Last were the slides, which were like those water slides at swimming pools but with no water. I found out that I should have left my bag in the lockers, as the gallery assistant almost didn’t want me to go on due to health and safety and made me swear to accept responsibility for any injury. I’m not sure what she thought was going to happen as the slides were more than big enough to accommodate myself and my bag. It may have made me go faster though, I don’t know. The sliding felt like it was over way too quickly.

slide 1

The health and safety rules in the exhibition were generally peculiar. At the flying machines a woman came along with a headscarf and the gallery assistant told her she may wait for ages only to find out at the front of the queue that she would have to take her headscarf off to go on. I’m not sure why she wouldn’t be able to put the helmet on top, it’s not like she had a massive head or a Carmen Miranda style fruit display going on. She understandably didn’t look happy with this and decided not to wait. Yet there was no warning to diabetics not to take the pills earlier on (which turned out to be classic placebo sugar pills that didn’t make us larger, smaller, or noticeably different in any way).

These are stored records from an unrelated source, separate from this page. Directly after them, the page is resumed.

definition Lam_peak :: "'m::finite cvec \<Rightarrow> 'm cvec \<Rightarrow> complex" where
  "Lam_peak p v = cnj (sqsum p) * fst v + 2 * (\<Sum>j\<in>UNIV. snd v $ j * cnj (snd p $ j))"

lemma Re_Lam_peak_Lam:
  "Re (Lam_peak p (Lam z)) = Re (cnj (sqsum p) * (fst z)^2) + 2 * inner (snd z) (snd p)"
  by (simp add: Lam_peak_def Lam_def inner_vec_def inner_complex_def)

lemma of_real_cmod_if_Re_eq_cmod: "Re r = cmod r \<Longrightarrow> r = of_real (cmod r)"
  using cmod_power2[of r] by (simp add: complex_eq_iff)

lemma Re_Lam_peak_Lam_self:
  assumes p: "p \<in> lie_sphere"
  shows "Re (Lam_peak p (Lam p)) = 1 + (norm (snd p))^2"
proof -
  have "cmod (sqsum p) = 1" and "(cmod (fst p))^2 + (norm (snd p))^2 = 1"
    using p power2_norm_cvec[of p] by (auto simp: lie_sphere_def)
  then have "cnj (sqsum p) * sqsum p = 1"
    using complex_norm_square[of "sqsum p"] by (simp add: mult.commute)
  then have "cnj (sqsum p) * (fst p)^2 = of_real ((cmod (fst p))^2)"
    unfolding lie_sphere_fst_square[OF p] by (simp add: mult.assoc[symmetric])
  then show ?thesis
    using \<open>(cmod (fst p))^2 + (norm (snd p))^2 = 1\<close>
    by (simp add: Re_Lam_peak_Lam flip: power2_norm_eq_inner)
qed

lemma Lam_peak_peaks:
  assumes p: "p \<in> lie_sphere" and z: "z \<in> closure lie_ball"
    and le: "Re (Lam_peak p (Lam p)) \<le> Re (Lam_peak p (Lam z))"
  shows "Lam z = Lam p"
proof -
  define c where "c = sqsum p"
  define r where "r = cnj c * (fst z)^2"
  have "cmod c = 1" and "(norm p)^2 = 1" using p by (simp_all add: lie_sphere_def c_def)
  then have "cnj c * c = 1" using complex_norm_square[of c] by (simp add: mult.commute)
  have "Re (Lam_peak p (Lam z))
      = Re r + ((norm (snd z))^2 + (norm (snd p))^2 - (norm (snd z - snd p))^2)"
    by (simp add: Re_Lam_peak_Lam r_def c_def dot_norm_neg)
  moreover have "cmod r = (cmod (fst z))^2"
    by (simp add: r_def norm_mult norm_power \<open>cmod c = 1\<close>)
  moreover have Re_le: "Re r \<le> cmod r" by (rule complex_Re_le_cmod)
  moreover have norm_z: "(cmod (fst z))^2 + (norm (snd z))^2 \<le> 1"
    using norm_le_1_if_in_closure_lie_ball[OF z] by (simp add: abs_square_le_1 flip: power2_norm_cvec)
  ultimately have "(norm (snd z - snd p))^2 \<le> 0" and "cmod r \<le> Re r"
    and "1 \<le> (cmod (fst z))^2 + (norm (snd z))^2"
    using le Re_Lam_peak_Lam_self[OF p] zero_le_power2[of "norm (snd z - snd p)"] by linarith+
  then have "snd z = snd p" and "Re r = cmod r"
    and "(cmod (fst z))^2 + (norm (snd z))^2 = 1"
    using Re_le norm_z by (simp_all add: antisym)
  then have "(cmod (fst z))^2 = (cmod (fst p))^2"
    using \<open>(norm p)^2 = 1\<close> power2_norm_cvec[of p] unfolding \<open>snd z = snd p\<close> by linarith
  have "(fst z)^2 = c * r"
  proof -
    have "c * r = (cnj c * c) * (fst z)^2" by (simp add: r_def ac_simps)
    then show ?thesis using \<open>cnj c * c = 1\<close> by simp
  qed
  also have "\<dots> = c * of_real ((cmod (fst p))^2)"
    using of_real_cmod_if_Re_eq_cmod[OF \<open>Re r = cmod r\<close>] \<open>cmod r = (cmod (fst z))^2\<close>
      \<open>(cmod (fst z))^2 = (cmod (fst p))^2\<close>
    by simp
  also have "\<dots> = (fst p)^2" by (simp add: lie_sphere_fst_square[OF p] c_def)
  finally show ?thesis using \<open>snd z = snd p\<close> by (simp add: Lam_def)
qed

lemma Lam_lie_sphere_subset_closed_boundary:
  fixes T :: "'m::finite cvec set"
  assumes T: "is_closed_boundary LL T"
  shows "Lam ` lie_sphere \<subseteq> T"
proof
  fix v :: "'m cvec" assume "v \<in> Lam ` lie_sphere"
  then obtain p :: "'m cvec" where p: "p \<in> lie_sphere" and v: "v = Lam p" by blast
  have "bounded_linear (Lam_peak p)"
    unfolding Lam_peak_def
    by (intro bounded_linear_add bounded_linear_mult_right bounded_linear_sum
        bounded_linear_compose[OF bounded_linear_mult_right] bounded_linear_fst
        bounded_linear_compose[OF bounded_linear_mult_left]
        bounded_linear_compose[OF bounded_linear_vec_nth bounded_linear_snd])
  then have peak_fun: "(\<lambda>v. exp (Lam_peak p v)) \<in> alg_A LL"
    by (rule exp_complex_linear_in_alg_A) (simp add: Lam_peak_def cscale_def sum_distrib_left algebra_simps)
  show "v \<in> T"
    unfolding v
  proof (rule peak_point_in_closed_boundary[OF T peak_fun])
    show "Lam p \<in> closure LL" using p lie_sphere_subset_closure_lie_ball closure_LL by blast
    fix w assume "w \<in> closure LL" and "cmod (exp (Lam_peak p (Lam p))) \<le> cmod (exp (Lam_peak p w))"
    then show "w = Lam p"
      using Lam_peak_peaks[OF p] by (auto simp: closure_LL)
  qed
qed

lemma shilov_boundary_LL: "shilov_boundary LL = Lam ` lie_sphere"
  by (intro shilov_boundary_eqI Lam_lie_sphere_is_closed_boundary Lam_lie_sphere_subset_closed_boundary)

theorem proposition4p1:
  shows "shilov_boundary (LL :: 'm::finite cvec set) = Lam ` shilov_boundary (lie_ball :: 'm cvec set)"
  by (simp add: shilov_boundary_LL shilov_boundary_lie_ball)

end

The booklet says that ‘Decision’ is about ‘transporting people between different physical and psychological states’, bringing about ‘moments of not knowing’. This was definitely true, and made it stand out from other art exhibitions. I particularly enjoyed the interactive nature and would like to see more of that in general, as it evokes the idea of art not being finished until someone has experienced it. The ‘Alice in Wonderland’ vibe was a nice touch as well and made it feel like a mini adventure. It’s only on for one more day, so go tomorrow if you want to take random pills, fly through the air and slide back down to earth.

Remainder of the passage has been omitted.